R/Pasien mungkin masuk dengan infeksi yang biasanya telah mencetuskan keadaan
ketuasidosis atau infeksi nasokomial.
2.      Tingkatkan upaya pencegahan dengan mencuci tangan bagi semua orang yang berhubungan
dengan pasien, meskipun pasien itu sendiri.    
R/Mencegah timbulnya infeksi nasokomial.
3.      Pertahankan teknik aseptik prosedur invasif.    
R/Kadar glukosa tinggi akan menjadi media terbaik bagi pertumbuhan kuman.
4.      Berikan perawatan kulit dengan teratur dan sungguh-sugguh,
R/Sirkulasi perifer bisa terganggu yang menempatkan pasien pada peningkatan resiko
terjadinya iritasi kulit dan infeksi.
5.      Bantu pasien melakukan oral higiene. R/Menurunkan resiko terjadinya penyakit mulut.
6.      Anjurkan untuk makan dan minum adekuat. R/Menurunkan kemungkinan terjadinya infeksi.

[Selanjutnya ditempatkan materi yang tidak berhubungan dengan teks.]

lemma nn_integral_le_two_valued:
  fixes M :: "'a pmf" and f :: "'a \<Rightarrow> ennreal"
  assumes le: "\<And>x. x \<in> set_pmf M \<Longrightarrow> f x \<le> ennreal (if P x then A else B)"
    and "0 \<le> A" "0 \<le> B"
  shows "(\<integral>\<^sup>+x. f x \<partial>M) \<le> ennreal (A * measure_pmf.prob M {x. P x} + B * (1 - measure_pmf.prob M {x. P x}))"
proof -
  have "(\<integral>\<^sup>+x. f x \<partial>M) \<le> (\<integral>\<^sup>+x. ennreal (B + (A - B) * indicator {x. P x} x) \<partial>M)"
    by (intro nn_integral_mono_AE) (use le in \<open>fastforce simp: AE_measure_pmf_iff indicator_def\<close>)
  also have "\<dots> = ennreal (\<integral>x. B + (A - B) * indicator {x. P x} x \<partial>M)"
    by (intro nn_integral_eq_integral measure_pmf.integrable_const_bound[where B="\<bar>A\<bar> + 2 * \<bar>B\<bar>"])
       (use assms(2,3) in \<open>auto simp: indicator_def\<close>)
  also have "(\<integral>x. B + (A - B) * indicator {x. P x} x \<partial>M) = B + (A - B) * measure_pmf.prob M {x. P x}"
    by (subst Bochner_Integration.integral_add) (auto simp: measure_pmf.emeasure_eq_measure)
  finally show ?thesis
    by (simp add: algebra_simps)
qed

lemma measure_bind_pmf_ge:
  assumes "\<And>a. a \<in> set_pmf M \<Longrightarrow> a \<in> A \<Longrightarrow> c \<le> measure_pmf.prob (f a) E" and "0 \<le> c"
  shows "c * measure_pmf.prob M A \<le> measure_pmf.prob (bind_pmf M f) E"
proof -
  have "ennreal (c * measure_pmf.prob M A) = (\<integral>\<^sup>+a. ennreal c * indicator A a \<partial>M)"
    using assms(2) by (simp add: nn_integral_cmult measure_pmf.emeasure_eq_measure ennreal_mult)
  also have "\<dots> \<le> (\<integral>\<^sup>+a. emeasure (f a) E \<partial>M)"
    by (intro nn_integral_mono_AE)
       (use assms(1) in \<open>auto simp: AE_measure_pmf_iff indicator_def measure_pmf.emeasure_eq_measure\<close>)
  also have "\<dots> = emeasure (bind_pmf M f) E"
    by simp
  finally show ?thesis
    by (simp add: measure_pmf.emeasure_eq_measure ennreal_le_iff)
qed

7.      Kolaborasi tentang pemberian antibiotic  yang sesuai    Penanganan awal dapat R/membantu
mencegah timbulnya sepsis.
DAFTAR PUSTAKA

Doengoes, M.E. (2000). Rencana Asuhan Keperawatan, Edisi 3, Jakarta : EGC.


Engram, B. (1999). Rencana Asuhan Keperawatan Medikal Bedah, Jakarta : EGC.
Brunner & Suddarth. (2002). Buku Ajar Keperawatan Medikal Bedah, Vol. 2. Jakarta : EGC.
Price. S.A. (1995). Patofisiologi, Edisi Kedua, Jakarta : EGC.
Jan Tambayong, dr. (2000). Patofisiologi Untuk Keperawatan. Jakarta : EGC.